8. Rainbow Table Attacks
To understand how a rainbow table assault works, we must first grasp the concept of hashing. Hashing is the technique by which organisations transform and encrypt users' passwords so that they are stored as cryptographic sequences of characters within the system. When a user inputs their password after that, it is hashed automatically, and the hashed value is compared to the value stored in the system. If someone were to gain access to this password database, they would see the encrypted values rather than the actual passwords.
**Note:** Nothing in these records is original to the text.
(* Let $n\ge 1$. The number of preference profiles with $n$ men and $n$ women that have at least one pair of outcasts equals $n^4 (n-1)!^{2n}$ if $n\neq 2$, and equals $14$ if $n=2$.
   Context: A preference profile for $n$ (labeled) men and $n$ (labeled) women consists of, for each man, a strict ranking of the women (bijection to $\{1,\dots,n\}$, 1 = favorite, $n$ = least favorite), and for each woman, a strict ranking of the men. A man $M$ and a woman $W$ form a pair of outcasts if every woman other than $W$ ranks $M$ last (rank $n$) and every man other than $M$ ranks $W$ last (rank $n$); the rankings $M$ and $W$ give each other are arbitrary. *)

theory Defs
  imports "HOL-Library.FuncSet"
begin

text \<open>People are indexed by {0..<n}. A ranking is a bijection {0..<n} -> {1..n}
  (1 = favourite), extensional (undefined outside {0..<n}) so that sets of
  rankings are finite.\<close>
definition rankings :: "nat \<Rightarrow> (nat \<Rightarrow> nat) set" where
  "rankings n = {r \<in> {0..<n} \<rightarrow>\<^sub>E {1..n}. bij_betw r {0..<n} {1..n}}"

text \<open>A profile is a pair (pm, pw): pm M W is the rank man M gives woman W,
  pw W M is the rank woman W gives man M.\<close>
definition profiles :: "nat \<Rightarrow> ((nat \<Rightarrow> nat \<Rightarrow> nat) \<times> (nat \<Rightarrow> nat \<Rightarrow> nat)) set" where
  "profiles n = ({0..<n} \<rightarrow>\<^sub>E rankings n) \<times> ({0..<n} \<rightarrow>\<^sub>E rankings n)"

definition outcast_pair ::
  "nat \<Rightarrow> (nat \<Rightarrow> nat \<Rightarrow> nat) \<times> (nat \<Rightarrow> nat \<Rightarrow> nat) \<Rightarrow> nat \<Rightarrow> nat \<Rightarrow> bool" where
  "outcast_pair n P M W \<longleftrightarrow> M < n \<and> W < n \<and>
     (\<forall>W'<n. W' \<noteq> W \<longrightarrow> snd P W' M = n) \<and>
     (\<forall>M'<n. M' \<noteq> M \<longrightarrow> fst P M' W = n)"

end

theory Submission
  imports Defs "HOL-Combinatorics.Permutations"
begin

text \<open>For a fixed pair (M, W), the profiles in which M and W are outcasts leave the
  rankings of M and W free (n! choices each) and prescribe the last entry of every other
  ranking ((n-1)! choices each), giving n^2 ((n-1)!)^(2n) profiles. Two different
  outcast pairs of one profile cannot share a man or a woman, and a woman outside both
  pairs would rank both men last; so they coexist only for n = 2, crosswise. For
  n \<noteq> 2 the n^2 sets are therefore disjoint, and for n = 2 inclusion-exclusion gives
  4 * 4 - 2 * 1 = 14.\<close>

lemma finite_rankings: "finite (rankings n)"
  by (rule finite_subset[of _ "{0..<n} \<rightarrow>\<^sub>E {1..n}"]) (auto simp: rankings_def finite_PiE)

lemma rankings_inj: "r \<in> rankings n \<Longrightarrow> inj_on r {0..<n}"
  by (simp add: rankings_def bij_betw_def)

lemma restrict_in_rankings: "bij_betw f {0..<n} {1..n} \<Longrightarrow> restrict f {0..<n} \<in> rankings n"
  unfolding rankings_def by (auto intro: bij_betw_cong[THEN iffD1, rotated] dest: bij_betwE)

lemma card_rankings: "card (rankings n) = fact n"
proof -
  define ranking where "ranking p = restrict (Suc \<circ> p) {0..<n}" for p :: "nat \<Rightarrow> nat"
  define perm where "perm r i = (if i < n then r i - 1 else i)" for r :: "nat \<Rightarrow> nat" and i
  have "bij_betw ranking {p. p permutes {0..<n}} (rankings n)"
  proof (rule bij_betw_byWitness[where f' = perm])
    show "\<forall>p\<in>{p. p permutes {0..<n}}. perm (ranking p) = p"
      by (auto simp: perm_def ranking_def permutes_not_in)
    show "\<forall>r\<in>rankings n. ranking (perm r) = r"
      by (force simp: perm_def ranking_def rankings_def PiE_iff extensional_def)
    have Suc: "bij_betw Suc {0..<n} {1..n}"
      by (simp add: image_Suc_atLeastLessThan atLeastLessThanSuc_atLeastAtMost)
    show "ranking ` {p. p permutes {0..<n}} \<subseteq> rankings n"
      unfolding ranking_def
      by (auto intro: restrict_in_rankings bij_betw_trans[OF permutes_imp_bij Suc])
    have pred: "bij_betw (\<lambda>k. k - 1) {1..n} {0..<n}"
      by (rule bij_betw_byWitness[where f' = Suc]) auto
    have "bij_betw (perm r) {0..<n} {0..<n}" if "r \<in> rankings n" for r
    proof -
      have "bij_betw ((\<lambda>k. k - 1) \<circ> r) {0..<n} {0..<n}"
        using that pred by (intro bij_betw_trans) (simp_all add: rankings_def)
      then show ?thesis
        by (rule bij_betw_cong[THEN iffD1, rotated]) (simp add: perm_def)
    qed
    then show "perm ` rankings n \<subseteq> {p. p permutes {0..<n}}"
      by (auto intro!: bij_imp_permutes simp: perm_def)
  qed
  then show ?thesis
    using card_permutations[of "{0..<n}" n] bij_betw_same_card by fastforce
qed

lemma card_rankings_with_rank_eq:
  assumes "j < n" "k \<in> {1..n}" "k' \<in> {1..n}"
  shows "card {r \<in> rankings n. r j = k} = card {r \<in> rankings n. r j = k'}"
proof -
  define swap where "swap r = restrict (Transposition.transpose k k' \<circ> r) {0..<n}" for r
  have swap_in: "swap r \<in> rankings n" if "r \<in> rankings n" for r
    unfolding swap_def using that assms
    by (intro restrict_in_rankings bij_betw_trans[of r _ "{1..n}"]) (simp_all add: rankings_def)
  have swap_swap: "swap (swap r) = r" if "r \<in> rankings n" for r
    using that by (auto simp: swap_def rankings_def PiE_iff extensional_def)
  have swap_at_j: "swap r j = Transposition.transpose k k' (r j)" for r
    using assms(1) by (simp add: swap_def)
  have "bij_betw swap {r \<in> rankings n. r j = k} {r \<in> rankings n. r j = k'}"
    by (rule bij_betw_byWitness[where f' = swap]) (auto simp: swap_in swap_swap swap_at_j)
  then show ?thesis
    by (rule bij_betw_same_card)
qed

lemma card_rankings_with_rank:
  assumes "j < n" "k \<in> {1..n}"
  shows "card {r \<in> rankings n. r j = k} = fact (n - 1)"
proof -
  have "rankings n = (\<Union>k'\<in>{1..n}. {r \<in> rankings n. r j = k'})"
    using assms(1) by (force simp: rankings_def PiE_iff)
  then have "fact n = card (\<Union>k'\<in>{1..n}. {r \<in> rankings n. r j = k'})"
    by (simp add: card_rankings)
  also have "\<dots> = (\<Sum>k'\<in>{1..n}. card {r \<in> rankings n. r j = k'})"
    by (rule card_UN_disjoint) (auto simp: finite_rankings)
  also have "\<dots> = n * card {r \<in> rankings n. r j = k}"
    using card_rankings_with_rank_eq[OF assms(1) _ assms(2)] by simp
  finally show ?thesis
    using assms by (simp add: fact_reduce)
qed

definition rankings_with_last :: "nat \<Rightarrow> nat \<Rightarrow> (nat \<Rightarrow> nat) set" where
  "rankings_with_last n j = {r \<in> rankings n. r j = n}"

definition outcast_profiles ::
  "nat \<Rightarrow> nat \<Rightarrow> nat \<Rightarrow> ((nat \<Rightarrow> nat \<Rightarrow> nat) \<times> (nat \<Rightarrow> nat \<Rightarrow> nat)) set" where
  "outcast_profiles n M W = {P \<in> profiles n. outcast_pair n P M W}"

lemma card_rankings_with_last: "j < n \<Longrightarrow> card (rankings_with_last n j) = fact (n - 1)"
  unfolding rankings_with_last_def by (rule card_rankings_with_rank) auto

lemma rankings_with_last_subset: "rankings_with_last n j \<subseteq> rankings n"
  by (auto simp: rankings_with_last_def)

lemma outcast_profiles_eq_PiE:
  assumes "M < n" "W < n"
  shows "outcast_profiles n M W =
    (\<Pi>\<^sub>E M'\<in>{0..<n}. if M' = M then rankings n else rankings_with_last n W) \<times>
    (\<Pi>\<^sub>E W'\<in>{0..<n}. if W' = W then rankings n else rankings_with_last n M)"
  using assms
  by (auto simp: outcast_profiles_def profiles_def outcast_pair_def rankings_with_last_def PiE_iff
      split: if_splits)

lemma card_PiE_if_eq:
  assumes "finite I" "a \<in> I"
  shows "card (\<Pi>\<^sub>E i\<in>I. if i = a then A else B) = card A * card B ^ (card I - 1)"
proof -
  have "card (\<Pi>\<^sub>E i\<in>I. if i = a then A else B) =
      card A * (\<Prod>i\<in>I - {a}. card (if i = a then A else B))"
    using assms by (simp add: card_PiE prod.remove)
  also have "(\<Prod>i\<in>I - {a}. card (if i = a then A else B)) = card B ^ (card I - 1)"
    using assms by (simp add: prod_constant card_Diff_singleton)
  finally show ?thesis .
qed

lemma card_outcast_profiles:
  assumes "M < n" "W < n"
  shows "card (outcast_profiles n M W) = n ^ 2 * fact (n - 1) ^ (2 * n)"
proof -
  have "card (\<Pi>\<^sub>E i\<in>{0..<n}. if i = j then rankings n else rankings_with_last n k) =
      n * fact (n - 1) ^ n" if "j < n" "k < n" for j k
    using that
    by (simp add: card_PiE_if_eq card_rankings card_rankings_with_last fact_reduce power_eq_if)
  then show ?thesis
    using assms
    by (simp add: outcast_profiles_eq_PiE card_cartesian_product power2_eq_square mult_2 power_add)
qed

lemma ex_less_not_in: "finite F \<Longrightarrow> card F < n \<Longrightarrow> \<exists>x<n. x \<notin> F"
  using card_mono[of F "{0..<n}"] by force

lemma outcast_pairs_same_man:
  assumes "P \<in> profiles n" "outcast_pair n P M W" "outcast_pair n P M' W'"
    and "W'' < n" "W'' \<noteq> W" "W'' \<noteq> W'"
  shows "M = M'"
proof -
  have "snd P W'' \<in> rankings n"
    using assms(1,4) by (auto simp: profiles_def)
  moreover have "snd P W'' M = n" "snd P W'' M' = n" "M < n" "M' < n"
    using assms(2-) by (auto simp: outcast_pair_def)
  ultimately show ?thesis
    by (metis atLeastLessThan_iff inj_onD rankings_inj zero_le)
qed

lemma outcast_pairs_same_woman:
  assumes "P \<in> profiles n" "outcast_pair n P M W" "outcast_pair n P M' W'"
    and "M'' < n" "M'' \<noteq> M" "M'' \<noteq> M'"
  shows "W = W'"
proof -
  have "fst P M'' \<in> rankings n"
    using assms(1,4) by (auto simp: profiles_def)
  moreover have "fst P M'' W = n" "fst P M'' W' = n" "W < n" "W' < n"
    using assms(2-) by (auto simp: outcast_pair_def)
  ultimately show ?thesis
    by (metis atLeastLessThan_iff inj_onD rankings_inj zero_le)
qed

lemma outcast_pairs_distinct:
  assumes P: "P \<in> profiles n" "outcast_pair n P M W" "outcast_pair n P M' W'"
    and "(M, W) \<noteq> (M', W')"
  shows "n = 2 \<and> M \<noteq> M' \<and> W \<noteq> W'"
proof -
  have "M < n" "W < n" "M' < n" "W' < n"
    using P by (auto simp: outcast_pair_def)
  with assms(4) have "1 < n"
    by auto
  have "M \<noteq> M'"
  proof
    assume "M = M'"
    obtain M'' where "M'' < n" "M'' \<notin> {M}"
      using ex_less_not_in[of "{M}"] \<open>1 < n\<close> by auto
    then show False
      using outcast_pairs_same_woman[OF P] \<open>M = M'\<close> assms(4) by auto
  qed
  moreover have "W \<noteq> W'"
  proof
    assume "W = W'"
    obtain W'' where "W'' < n" "W'' \<notin> {W}"
      using ex_less_not_in[of "{W}"] \<open>1 < n\<close> by auto
    then show False
      using outcast_pairs_same_man[OF P] \<open>W = W'\<close> \<open>M \<noteq> M'\<close> by auto
  qed
  moreover have "\<not> 2 < n"
  proof
    assume "2 < n"
    moreover have "card {W, W'} \<le> 2"
      by (simp add: card_insert_if)
    ultimately have "\<exists>W''<n. W'' \<notin> {W, W'}"
      by (intro ex_less_not_in) auto
    then obtain W'' where "W'' < n" "W'' \<notin> {W, W'}"
      by blast
    then show False
      using outcast_pairs_same_man[OF P] \<open>M \<noteq> M'\<close> by auto
  qed
  ultimately show ?thesis
    using \<open>1 < n\<close> by auto
qed

lemma profiles_with_outcasts_eq_UN:
  "{P \<in> profiles n. \<exists>M<n. \<exists>W<n. outcast_pair n P M W} =
    (\<Union>(M, W)\<in>{..<n} \<times> {..<n}. outcast_profiles n M W)"
  by (auto simp: outcast_profiles_def)

lemma finite_outcast_profiles: "finite (outcast_profiles n M W)"
  by (simp add: outcast_profiles_def profiles_def finite_PiE finite_rankings)

lemma card_profiles_with_outcasts_if_not_two:
  assumes "n \<noteq> 2"
  shows "card {P \<in> profiles n. \<exists>M<n. \<exists>W<n. outcast_pair n P M W} =
    n ^ 4 * fact (n - 1) ^ (2 * n)"
proof -
  have disjoint: "outcast_profiles n M W \<inter> outcast_profiles n M' W' = {}"
    if "(M, W) \<noteq> (M', W')" for M W M' W'
    using outcast_pairs_distinct[of _ n M W M' W'] that assms
    by (auto simp: outcast_profiles_def)
  have "card (\<Union>(M, W)\<in>{..<n} \<times> {..<n}. outcast_profiles n M W) =
      (\<Sum>(M, W)\<in>{..<n} \<times> {..<n}. card (outcast_profiles n M W))"
    by (subst card_UN_disjoint) (auto simp: finite_outcast_profiles disjoint intro!: sum.cong)
  also have "\<dots> = (\<Sum>(M, W)\<in>{..<n} \<times> {..<n}. n ^ 2 * fact (n - 1) ^ (2 * n))"
    by (rule sum.cong) (auto simp: card_outcast_profiles)
  also have "\<dots> = n ^ 4 * fact (n - 1) ^ (2 * n)"
    by (simp add: power2_eq_square power4_eq_xxxx)
  finally show ?thesis
    by (simp add: profiles_with_outcasts_eq_UN)
qed

lemma card_profiles_with_outcasts_two:
  "card {P \<in> profiles 2. \<exists>M<2. \<exists>W<2. outcast_pair 2 P M W} = 14"
proof -
  let ?S = "outcast_profiles 2"
  have two: "{0..<2::nat} = {0, 1}" "{..<2::nat} = {0, 1}"
    by auto
  have card_S: "card (?S M W) = 4" if "M < 2" "W < 2" for M W
    using card_outcast_profiles[OF that] by simp
  have "card (?S 0 0 \<inter> ?S 1 1) = 1" "card (?S 0 1 \<inter> ?S 1 0) = 1"
    by (simp_all add: outcast_profiles_eq_PiE Times_Int_Times PiE_Int card_cartesian_product
        card_PiE two card_rankings_with_last Int_absorb1 Int_absorb2 rankings_with_last_subset)
  then have "card (?S 0 0 \<union> ?S 1 1) = 7" "card (?S 0 1 \<union> ?S 1 0) = 7"
    using card_Un_Int[OF finite_outcast_profiles finite_outcast_profiles, of 2 0 0 2 1 1]
      card_Un_Int[OF finite_outcast_profiles finite_outcast_profiles, of 2 0 1 2 1 0] card_S
    by simp_all
  moreover have "(?S 0 0 \<union> ?S 1 1) \<inter> (?S 0 1 \<union> ?S 1 0) = {}"
    by (auto simp: outcast_profiles_def dest: outcast_pairs_distinct)
  ultimately have "card ((?S 0 0 \<union> ?S 1 1) \<union> (?S 0 1 \<union> ?S 1 0)) = 14"
    by (simp add: card_Un_disjoint finite_outcast_profiles)
  moreover have "(?S 0 0 \<union> ?S 1 1) \<union> (?S 0 1 \<union> ?S 1 0) =
      (\<Union>(M, W)\<in>{..<2} \<times> {..<2}. ?S M W)"
    unfolding two by auto
  ultimately show ?thesis
    by (simp add: profiles_with_outcasts_eq_UN)
qed

theorem mainTheorem8:
  fixes n :: nat
  assumes "n \<ge> 1"
  shows "card {P \<in> profiles n. \<exists>M<n. \<exists>W<n. outcast_pair n P M W} =
    (if n = 2 then 14 else n ^ 4 * fact (n - 1) ^ (2 * n))"
  using card_profiles_with_outcasts_two card_profiles_with_outcasts_if_not_two by simp

end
Rainbow table attacks are similar to dictionary attacks, that instead of a list of words, they utilise a rainbow table to crack passwords faster. Pre-computed hash functions are preserved alongside their hashed data in a rainbow table, which is fundamentally the key to decrypting encrypted passwords. A hacker can use it to compare values to this table and decrypt your database's hashed passwords. On the dark web, rainbow tables containing the answers to the following hashing algorithms can be discovered, as well as built using hacking tools like Rainbow Crack and 0phcrack.
Preventing Password-Related Attacks
When it comes to password security, the best defence is prevention. It's usually preferable to prevent attacks from occurring in the first place rather than having to defend your company afterwards.
The following are some of the most efficient strategies to protect your company from these disastrous password-related attacks:
- Implementing a password policy
- Enforcing a strong multi-factor authentication
- Investing in privileged access management
- Using a password manager
As a result, while hacking methodologies have expanded outside of just printing lists of users' passwords, our countermeasures have also had to change. And offering a reliable password solution in place for your company can mean the difference between a major data exposure and business as usual. Is the risk of not implementing one worth it?